lemma erf_series_second:
  fixes x :: real
  defines "g \<equiv> \<lambda>k::nat. (-1)^k * (2*k+1) * fact (k+1) * x^(2*k) /
        ((2*k+5) * (\<Prod>r=1..k. \<Sum>i=1..r. (2 * real i + 1)))"
  shows "summable g \<and>
    erf x = x / sqrt pi + x / sqrt pi * (1 + x\<^sup>2 / 3) * exp (- (x\<^sup>2))
      + x^5 / (6 * sqrt pi) * suminf g"
proof -
  define a where "a n = 6 * (erf_coeff n - gauss_coeff 0 n - gauss_coeff 1 n / 3)" for n
  have "(\<lambda>n. 6 * (erf_coeff n * x ^ (2 * n + 1) - gauss_coeff 0 n * x ^ (2 * n + 1)
      - gauss_coeff 1 n * x ^ (2 * n + 1) / 3))
      sums (6 * (sqrt pi * erf x - x ^ (2 * 0 + 1) * exp (- (x\<^sup>2))
      - x ^ (2 * 1 + 1) * exp (- (x\<^sup>2)) / 3))"
    by (intro sums_mult sums_diff sums_divide sqrt_pi_erf_sums gauss_coeff_sums)
  then have "(\<lambda>n. a n * x ^ (2 * n + 1))
      sums (6 * (sqrt pi * erf x - x * exp (- (x\<^sup>2)) - x ^ 3 * exp (- (x\<^sup>2)) / 3))"
    by (simp add: a_def eval_nat_numeral field_simps)
  then have "summable g \<and>
      6 * (sqrt pi * erf x - x * exp (- (x\<^sup>2)) - x ^ 3 * exp (- (x\<^sup>2)) / 3)
      = (\<Sum>n<2. a n * x ^ (2 * n + 1)) + x ^ (2 * 2 + 1) * suminf g"
    by (rule odd_series_tail)
      (unfold a_def tail_coeff_second g_def prod_sum_odd_numbers_from_3, simp add: algebra_simps)
  then show ?thesis
    by (simp add: a_def erf_coeff_def gauss_coeff_def eval_nat_numeral field_simps)
qed

lemma erf_series_third:
  fixes x :: real
  defines "g \<equiv> \<lambda>k::nat. (-1)^k * (2*k+1) * (2*k+3) * fact (k+1) * x^(2*k) /
        (3 * (2*k+7) * (\<Prod>r=2..k+1. 2 * (\<Sum>i=2..r. real i)))"
  shows "summable g \<and> erf x = x / sqrt pi * (1 - x\<^sup>2 / 30)
      + x / sqrt pi * (1 + 11 * x\<^sup>2 / 30 + x^4 / 15) * exp (- (x\<^sup>2))
      + x^7 / (60 * sqrt pi) * suminf g"
proof -
  define a where
    "a n = 60 * (erf_coeff n - gauss_coeff 0 n - 11 / 30 * gauss_coeff 1 n - gauss_coeff 2 n / 15)"
    for n
  have "(\<lambda>n. 60 * (erf_coeff n * x ^ (2 * n + 1) - gauss_coeff 0 n * x ^ (2 * n + 1)
      - 11 / 30 * (gauss_coeff 1 n * x ^ (2 * n + 1)) - gauss_coeff 2 n * x ^ (2 * n + 1) / 15))
      sums (60 * (sqrt pi * erf x - x ^ (2 * 0 + 1) * exp (- (x\<^sup>2))
      - 11 / 30 * (x ^ (2 * 1 + 1) * exp (- (x\<^sup>2)))
      - x ^ (2 * 2 + 1) * exp (- (x\<^sup>2)) / 15))"
    by (intro sums_mult sums_diff sums_divide sqrt_pi_erf_sums gauss_coeff_sums)
  then have "(\<lambda>n. a n * x ^ (2 * n + 1))
      sums (60 * (sqrt pi * erf x - x * exp (- (x\<^sup>2))
      - 11 / 30 * x ^ 3 * exp (- (x\<^sup>2)) - x ^ 5 * exp (- (x\<^sup>2)) / 15))"
    by (simp add: a_def eval_nat_numeral field_simps)
  then have "summable g \<and> 60 * (sqrt pi * erf x - x * exp (- (x\<^sup>2))
      - 11 / 30 * x ^ 3 * exp (- (x\<^sup>2)) - x ^ 5 * exp (- (x\<^sup>2)) / 15)
      = (\<Sum>n<3. a n * x ^ (2 * n + 1)) + x ^ (2 * 3 + 1) * suminf g"
    by (rule odd_series_tail)
      (unfold a_def tail_coeff_third g_def prod_twice_sum_from_2, simp add: algebra_simps)
  then have "summable g \<and> erf x = (x * (1 - x\<^sup>2 / 30)
      + x * (1 + 11 * x\<^sup>2 / 30 + x^4 / 15) * exp (- (x\<^sup>2))
      + x^7 / 60 * suminf g) / sqrt pi"
    by (simp add: a_def erf_coeff_def gauss_coeff_def eval_nat_numeral field_simps)
  then show ?thesis
    by (simp add: add_divide_distrib)
qed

What you are asked to do
All lines of the entries containing the string "shows" must be shown in full.

Task result
  shows "summable g \<and>
  shows "summable g \<and> erf x = x / sqrt pi * (1 - x\<^sup>2 / 30)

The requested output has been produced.